====== Material to process ======

(* Let $p \geq 2$ be an integer and let $U_p=\bigcup_{n\in 2\mathbb Z_+}\mathbb Z_p^n$. Let $\boldsymbol a,\boldsymbol b\in U_p$ be equivalent (in the sense defined in the context). Then $\tau_p(\boldsymbol a)=\tau_p(\boldsymbol b)$.
   Context: $\mathbb Z_+$ denotes the positive integers and $\mathbb Z_p=\mathbb Z/p\mathbb Z$. Two elements of $U_p$ are called equivalent if they are related by a finite sequence of the following transformations of $(a_1,\ldots,a_n)\in\mathbb Z_p^n$ ($n$ even): (Op1) $(a_1,\ldots,a_n)\to(a_2,\ldots,a_n,a_1)$; (Op2) $(a_1,\ldots,a_n)\to(a, a_2+(-1)^2(a_1-a),\ldots,a_i+(-1)^i(a_1-a),\ldots,a_n+(-1)^n(a_1-a))$ for any $a\in\mathbb Z_p$; (Op3) $(a_1,\ldots,a_n)\to(a, a_1-a_2+a,\ldots,a_1-a_i+a,\ldots,a_1-a_n+a)$ for any $a\in\mathbb Z_p$; (Op4) $(a_1,\ldots,a_n)\to(a_1,-a_1+a_2+a_3,a_3,\ldots,a_n)$ when $n>3$. For $\boldsymbol a=(a_1,\ldots,a_n)\in U_p$, $\tau_p(\boldsymbol a)$ is the maximum of all $k\in\{1,\ldots,p\}$ such that $k\mid p$ and $a_1+a_2\equiv a_2+a_3\equiv\cdots\equiv a_{n-1}+a_n\equiv a_n+a_1 \pmod k$ (congruence mod $k$ is well defined on $\mathbb Z_p$ since $k\mid p$). *)

theory Defs
  imports Main
begin

text \<open>Elements of Z_p^n are represented as lists of integers with entries in {0..<p};
  all operations reduce modulo p. Positions are 1-based in the paper, 0-based here.\<close>

definition U :: "int \<Rightarrow> int list set" where
  "U p = {xs. xs \<noteq> [] \<and> even (length xs) \<and> (\<forall>x\<in>set xs. 0 \<le> x \<and> x < p)}"

definition op1 :: "int list \<Rightarrow> int list" where
  "op1 xs = tl xs @ [hd xs]"

definition op2 :: "int \<Rightarrow> int \<Rightarrow> int list \<Rightarrow> int list" where
  "op2 p a xs = map (\<lambda>i. if i = 0 then a mod p
       else (xs ! i + (-1) ^ (i + 1) * (xs ! 0 - a)) mod p) [0..<length xs]"

definition op3 :: "int \<Rightarrow> int \<Rightarrow> int list \<Rightarrow> int list" where
  "op3 p a xs = map (\<lambda>i. if i = 0 then a mod p
       else (xs ! 0 - xs ! i + a) mod p) [0..<length xs]"

definition op4 :: "int \<Rightarrow> int list \<Rightarrow> int list" where
  "op4 p xs = xs[1 := (- xs ! 0 + xs ! 1 + xs ! 2) mod p]"

inductive step :: "int \<Rightarrow> int list \<Rightarrow> int list \<Rightarrow> bool" for p where
  s1: "step p xs (op1 xs)"
| s2: "step p xs (op2 p a xs)"
| s3: "step p xs (op3 p a xs)"
| s4: "length xs > 3 \<Longrightarrow> step p xs (op4 p xs)"

definition equiv_Up :: "int \<Rightarrow> int list \<Rightarrow> int list \<Rightarrow> bool" where
  "equiv_Up p xs ys = (\<lambda>u v. step p u v \<or> step p v u)\<^sup>*\<^sup>* xs ys"

definition sums_cong :: "int \<Rightarrow> int list \<Rightarrow> bool" where
  "sums_cong k xs = (\<forall>i < length xs. \<forall>j < length xs.
     (xs ! i + xs ! ((i + 1) mod length xs)) mod k = (xs ! j + xs ! ((j + 1) mod length xs)) mod k)"

definition tau :: "int \<Rightarrow> int list \<Rightarrow> int" where
  "tau p xs = Max {k. 1 \<le> k \<and> k \<le> p \<and> k dvd p \<and> sums_cong k xs}"

end

theory Submission
  imports Defs "HOL-Number_Theory.Cong"
begin

text \<open>Fix a divisor k of p; the reductions modulo p are invisible modulo k. Each
  transformation preserves the length and acts on the cyclic adjacent sums modulo k in a
  way that can neither destroy nor create their congruence: Op1 rotates them, Op2 leaves
  them unchanged (the alternating signs cancel in adjacent positions because n is even),
  Op3 applies the involution s \<mapsto> 2(a_1 + a) - s, and Op4 replaces the first two sums
  s_1, s_2 by s_2, 2 s_2 - s_1 and keeps the others. Hence the set of admissible k in the
  definition of \<tau>_p is an invariant.\<close>

definition adj_sum :: "int list \<Rightarrow> nat \<Rightarrow> int" where
  "adj_sum xs i = xs ! i + xs ! ((i + 1) mod length xs)"

lemma sums_cong_iff_adj_sum:
  "sums_cong k xs \<longleftrightarrow> (\<forall>i<length xs. \<forall>j<length xs. [adj_sum xs i = adj_sum xs j] (mod k))"
  by (simp add: sums_cong_def adj_sum_def cong_def)

lemma sums_cong_iff_common_residue:
  assumes "xs \<noteq> []"
  shows "sums_cong k xs \<longleftrightarrow> (\<exists>c. \<forall>i<length xs. [adj_sum xs i = c] (mod k))"
  using assms unfolding sums_cong_iff_adj_sum
  by (meson cong_sym cong_trans length_greater_0_conv)

lemma cong_affine_iff:
  fixes s :: int
  assumes "s * s = 1"
  shows "[c + s * x = c + s * y] (mod k) \<longleftrightarrow> [x = y] (mod k)"
proof -
  have "[s * x = s * y] (mod k) \<Longrightarrow> [x = y] (mod k)"
    using cong_scalar_left[of "s * x" "s * y" k s] assms by (simp add: mult.assoc[symmetric])
  then show ?thesis
    by (auto simp: cong_add_lcancel intro: cong_scalar_left)
qed

lemma sums_cong_transfer:
  fixes u v :: "int list" and s :: int
  assumes "length v = length u" and "f ` {..<length u} = {..<length u}" and "s * s = 1"
    and "\<And>i. i < length u \<Longrightarrow> [adj_sum v i = c + s * adj_sum u (f i)] (mod k)"
  shows "sums_cong k v \<longleftrightarrow> sums_cong k u"
proof -
  have "[adj_sum v i = adj_sum v j] (mod k) \<longleftrightarrow> [adj_sum u (f i) = adj_sum u (f j)] (mod k)"
    if "i < length u" "j < length u" for i j
    using assms(4)[OF that(1)] assms(4)[OF that(2)] cong_affine_iff[OF assms(3)]
    by (meson cong_sym cong_trans)
  then have "sums_cong k v \<longleftrightarrow>
      (\<forall>i\<in>f ` {..<length u}. \<forall>j\<in>f ` {..<length u}. [adj_sum u i = adj_sum u j] (mod k))"
    using assms(1) by (auto simp: sums_cong_iff_adj_sum)
  then show ?thesis
    unfolding assms(2) sums_cong_iff_adj_sum by auto
qed

lemma image_Suc_mod_lessThan: "(\<lambda>i. (i + 1) mod n) ` {..<n} = {..<n}"
  for n :: nat
proof
  show "{..<n} \<subseteq> (\<lambda>i. (i + 1) mod n) ` {..<n}"
  proof
    fix j assume "j \<in> {..<n}"
    then show "j \<in> (\<lambda>i. (i + 1) mod n) ` {..<n}"
      by (cases j) (auto intro: image_eqI[where x = "n - 1"] image_eqI[where x = "j - 1"])
  qed
qed auto

lemma sums_cong_rotate1: "sums_cong k (rotate1 xs) \<longleftrightarrow> sums_cong k xs"
proof (rule sums_cong_transfer[where f = "\<lambda>i. (i + 1) mod length xs" and c = 0 and s = 1])
  fix i assume i: "i < length xs"
  then have "(i + 1) mod length xs < length xs" by (intro mod_less_divisor) linarith
  then show "[adj_sum (rotate1 xs) i = 0 + 1 * adj_sum xs ((i + 1) mod length xs)] (mod k)"
    using i by (simp add: adj_sum_def nth_rotate1)
qed (simp_all add: image_Suc_mod_lessThan[simplified])

lemma cong_mod_of_dvd: "k dvd p \<Longrightarrow> [x mod p = x] (mod k)"
  for k p x :: int
  by (simp add: cong_def mod_mod_cancel)

lemma length_op2 [simp]: "length (op2 p a xs) = length xs"
  by (simp add: op2_def)

lemma length_op3 [simp]: "length (op3 p a xs) = length xs"
  by (simp add: op3_def)

lemma length_op4 [simp]: "length (op4 p xs) = length xs"
  by (simp add: op4_def)

lemma op2_nth_cong:
  assumes "k dvd p" and "i < length xs"
  shows "[op2 p a xs ! i = xs ! i + (-1) ^ (i + 1) * (xs ! 0 - a)] (mod k)"
  using assms cong_mod_of_dvd[OF assms(1)] by (cases "i = 0") (simp_all add: op2_def)

lemma op3_nth_cong:
  assumes "k dvd p" and "i < length xs"
  shows "[op3 p a xs ! i = xs ! 0 - xs ! i + a] (mod k)"
  using assms cong_mod_of_dvd[OF assms(1)] by (cases "i = 0") (simp_all add: op3_def)

lemma alternating_sign_cancel:
  assumes "even n" and "i < n"
  shows "(-1::int) ^ (i + 1) + (-1) ^ ((i + 1) mod n + 1) = 0"
proof (cases "i + 1 < n")
  case False
  then have "i + 1 = n" using assms(2) by simp
  then show ?thesis using assms(1) by simp
qed simp

lemma sums_cong_op2:
  assumes "k dvd p" and "even (length xs)"
  shows "sums_cong k (op2 p a xs) \<longleftrightarrow> sums_cong k xs"
proof (rule sums_cong_transfer[where f = id and c = 0 and s = 1])
  fix i assume i: "i < length xs"
  let ?j = "(i + 1) mod length xs" and ?d = "xs ! 0 - a"
  have "?j < length xs" using i by (intro mod_less_divisor) linarith
  then have "[adj_sum (op2 p a xs) i =
      xs ! i + (-1) ^ (i + 1) * ?d + (xs ! ?j + (-1) ^ (?j + 1) * ?d)] (mod k)"
    unfolding adj_sum_def length_op2 using i assms(1) by (intro cong_add op2_nth_cong)
  also have "xs ! i + (-1) ^ (i + 1) * ?d + (xs ! ?j + (-1) ^ (?j + 1) * ?d)
      = adj_sum xs i + ((-1) ^ (i + 1) + (-1) ^ (?j + 1)) * ?d"
    by (simp add: adj_sum_def algebra_simps)
  finally show "[adj_sum (op2 p a xs) i = 0 + 1 * adj_sum xs (id i)] (mod k)"
    using alternating_sign_cancel[OF assms(2) i] by simp
qed simp_all

lemma sums_cong_op3:
  assumes "k dvd p"
  shows "sums_cong k (op3 p a xs) \<longleftrightarrow> sums_cong k xs"
proof (rule sums_cong_transfer[where f = id and c = "2 * (xs ! 0 + a)" and s = "-1"])
  fix i assume i: "i < length xs"
  let ?j = "(i + 1) mod length xs"
  have "?j < length xs" using i by (intro mod_less_divisor) linarith
  then have "[adj_sum (op3 p a xs) i = xs ! 0 - xs ! i + a + (xs ! 0 - xs ! ?j + a)] (mod k)"
    unfolding adj_sum_def length_op3 using i assms by (intro cong_add op3_nth_cong)
  then show "[adj_sum (op3 p a xs) i = 2 * (xs ! 0 + a) + - 1 * adj_sum xs (id i)] (mod k)"
    by (simp add: adj_sum_def algebra_simps)
qed simp_all

lemma op4_adj_sum:
  assumes "k dvd p" and "3 < length xs"
  shows "[adj_sum (op4 p xs) 0 = adj_sum xs 1] (mod k)"
    and "[adj_sum (op4 p xs) 1 = 2 * adj_sum xs 1 - adj_sum xs 0] (mod k)"
    and "\<And>i. 2 \<le> i \<Longrightarrow> i < length xs \<Longrightarrow> adj_sum (op4 p xs) i = adj_sum xs i"
proof -
  have new: "[op4 p xs ! 1 = - xs ! 0 + xs ! 1 + xs ! 2] (mod k)"
    using assms by (simp add: op4_def cong_mod_of_dvd)
  have "[xs ! 0 + op4 p xs ! 1 = xs ! 0 + (- xs ! 0 + xs ! 1 + xs ! 2)] (mod k)"
    by (intro cong_add cong_refl new)
  then show "[adj_sum (op4 p xs) 0 = adj_sum xs 1] (mod k)"
    using assms(2) by (simp add: adj_sum_def op4_def numeral_2_eq_2)
  have "[op4 p xs ! 1 + xs ! 2 = - xs ! 0 + xs ! 1 + xs ! 2 + xs ! 2] (mod k)"
    by (intro cong_add cong_refl new)
  then show "[adj_sum (op4 p xs) 1 = 2 * adj_sum xs 1 - adj_sum xs 0] (mod k)"
    using assms(2) by (simp add: adj_sum_def op4_def numeral_2_eq_2 algebra_simps)
  fix i assume "2 \<le> i" "i < length xs"
  moreover have "(i + 1) mod length xs \<noteq> 1"
    using calculation by (cases "i + 1 = length xs") auto
  ultimately show "adj_sum (op4 p xs) i = adj_sum xs i"
    by (simp add: adj_sum_def op4_def)
qed

lemma sums_cong_op4:
  assumes "k dvd p" and "3 < length xs"
  shows "sums_cong k (op4 p xs) \<longleftrightarrow> sums_cong k xs"
proof -
  note new_sums = op4_adj_sum[OF assms]
  have nonempty: "xs \<noteq> []" "op4 p xs \<noteq> []"
    using assms(2) by (simp_all flip: length_greater_0_conv)
  have combine: "[2 * x - y = c] (mod k)" if "[x = c] (mod k)" "[y = c] (mod k)" for x y c :: int
    using cong_diff[OF cong_scalar_left[OF that(1), of 2] that(2)] by simp
  have positions: "0 < length xs" "1 < length xs"
    using assms(2) by auto
  have "\<forall>i<length xs. [adj_sum (op4 p xs) i = c] (mod k)"
    if old: "\<forall>i<length xs. [adj_sum xs i = c] (mod k)" for c
  proof -
    have "[adj_sum (op4 p xs) 0 = c] (mod k)"
      using cong_trans[OF new_sums(1) old[rule_format, OF positions(2)]] .
    moreover have "[adj_sum (op4 p xs) 1 = c] (mod k)"
      using cong_trans[OF new_sums(2) combine[OF old[rule_format, OF positions(2)]
          old[rule_format, OF positions(1)]]] .
    ultimately show ?thesis
      using old new_sums(3) by (metis One_nat_def less_2_cases not_le_imp_less)
  qed
  moreover have "\<forall>i<length xs. [adj_sum xs i = c] (mod k)"
    if new: "\<forall>i<length xs. [adj_sum (op4 p xs) i = c] (mod k)" for c
  proof -
    have second: "[adj_sum xs 1 = c] (mod k)"
      using cong_trans[OF cong_sym[OF new_sums(1)] new[rule_format, OF positions(1)]] .
    have "[2 * adj_sum xs 1 - adj_sum xs 0 = c] (mod k)"
      using cong_trans[OF cong_sym[OF new_sums(2)] new[rule_format, OF positions(2)]] .
    then have "[adj_sum xs 0 = c] (mod k)"
      using combine[OF second] by fastforce
    then show ?thesis
      using second new new_sums(3) by (metis One_nat_def less_2_cases not_le_imp_less)
  qed
  ultimately show ?thesis
    unfolding sums_cong_iff_common_residue[OF nonempty(1)]
      sums_cong_iff_common_residue[OF nonempty(2)] length_op4 by blast
qed

lemma length_step: "step p u v \<Longrightarrow> length v = length u \<or> u = [] \<and> length v = 1"
proof (induction rule: step.induct)
  case (s1 xs)
  then show ?case by (cases xs) (simp_all add: op1_def)
qed simp_all

lemma sums_cong_step:
  assumes "step p u v" and "k dvd p" and "even (length u)"
  shows "sums_cong k v \<longleftrightarrow> sums_cong k u"
  using assms
proof (induction rule: step.induct)
  case (s1 xs)
  show ?case
  proof (cases "xs = []")
    case True
    then show ?thesis by (simp add: op1_def sums_cong_def)
  next
    case False
    then show ?thesis by (simp add: op1_def rotate1_hd_tl[symmetric] sums_cong_rotate1)
  qed
qed (simp_all add: sums_cong_op2 sums_cong_op3 sums_cong_op4)

lemma equiv_Up_invariants:
  assumes "equiv_Up p a b" and "k dvd p" and "a \<noteq> []" and "even (length a)"
  shows "length b = length a \<and> (sums_cong k b \<longleftrightarrow> sums_cong k a)"
  using assms(1) unfolding equiv_Up_def
proof (induction rule: rtranclp_induct)
  case (step y z)
  then have y: "length y = length a" "sums_cong k y \<longleftrightarrow> sums_cong k a"
    by simp_all
  then have "y \<noteq> []" "even (length y)"
    using assms(3,4) by auto
  from step.hyps(2) show ?case
  proof
    assume forward: "step p y z"
    then have "length z = length y"
      using length_step \<open>y \<noteq> []\<close> by blast
    then show ?thesis
      using sums_cong_step[OF forward assms(2)] y \<open>even (length y)\<close> by simp
  next
    assume backward: "step p z y"
    then have "length z = length y"
      using length_step \<open>even (length y)\<close> by fastforce
    then show ?thesis
      using sums_cong_step[OF backward assms(2)] y \<open>even (length y)\<close> by simp
  qed
qed simp

theorem mainTheorem1:
  fixes p :: int and a b :: "int list"
  assumes "p \<ge> 2"
    and "a \<in> U p" and "b \<in> U p"
    and "equiv_Up p a b"
  shows "tau p a = tau p b"
proof -
  have "a \<noteq> []" "even (length a)"
    using assms(2) by (simp_all add: U_def)
  then have "sums_cong k a \<longleftrightarrow> sums_cong k b" if "k dvd p" for k
    using equiv_Up_invariants[OF assms(4) that] by simp
  then have "{k. 1 \<le> k \<and> k \<le> p \<and> k dvd p \<and> sums_cong k a}
      = {k. 1 \<le> k \<and> k \<le> p \<and> k dvd p \<and> sums_cong k b}"
    by blast
  then show ?thesis
    by (simp add: tau_def)
qed

end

======

Show each line of the records above containing "else".

Written solution.
       else (xs ! i + (-1) ^ (i + 1) * (xs ! 0 - a)) mod p) [0..<length xs]"
       else (xs ! 0 - xs ! i + a) mod p) [0..<length xs]"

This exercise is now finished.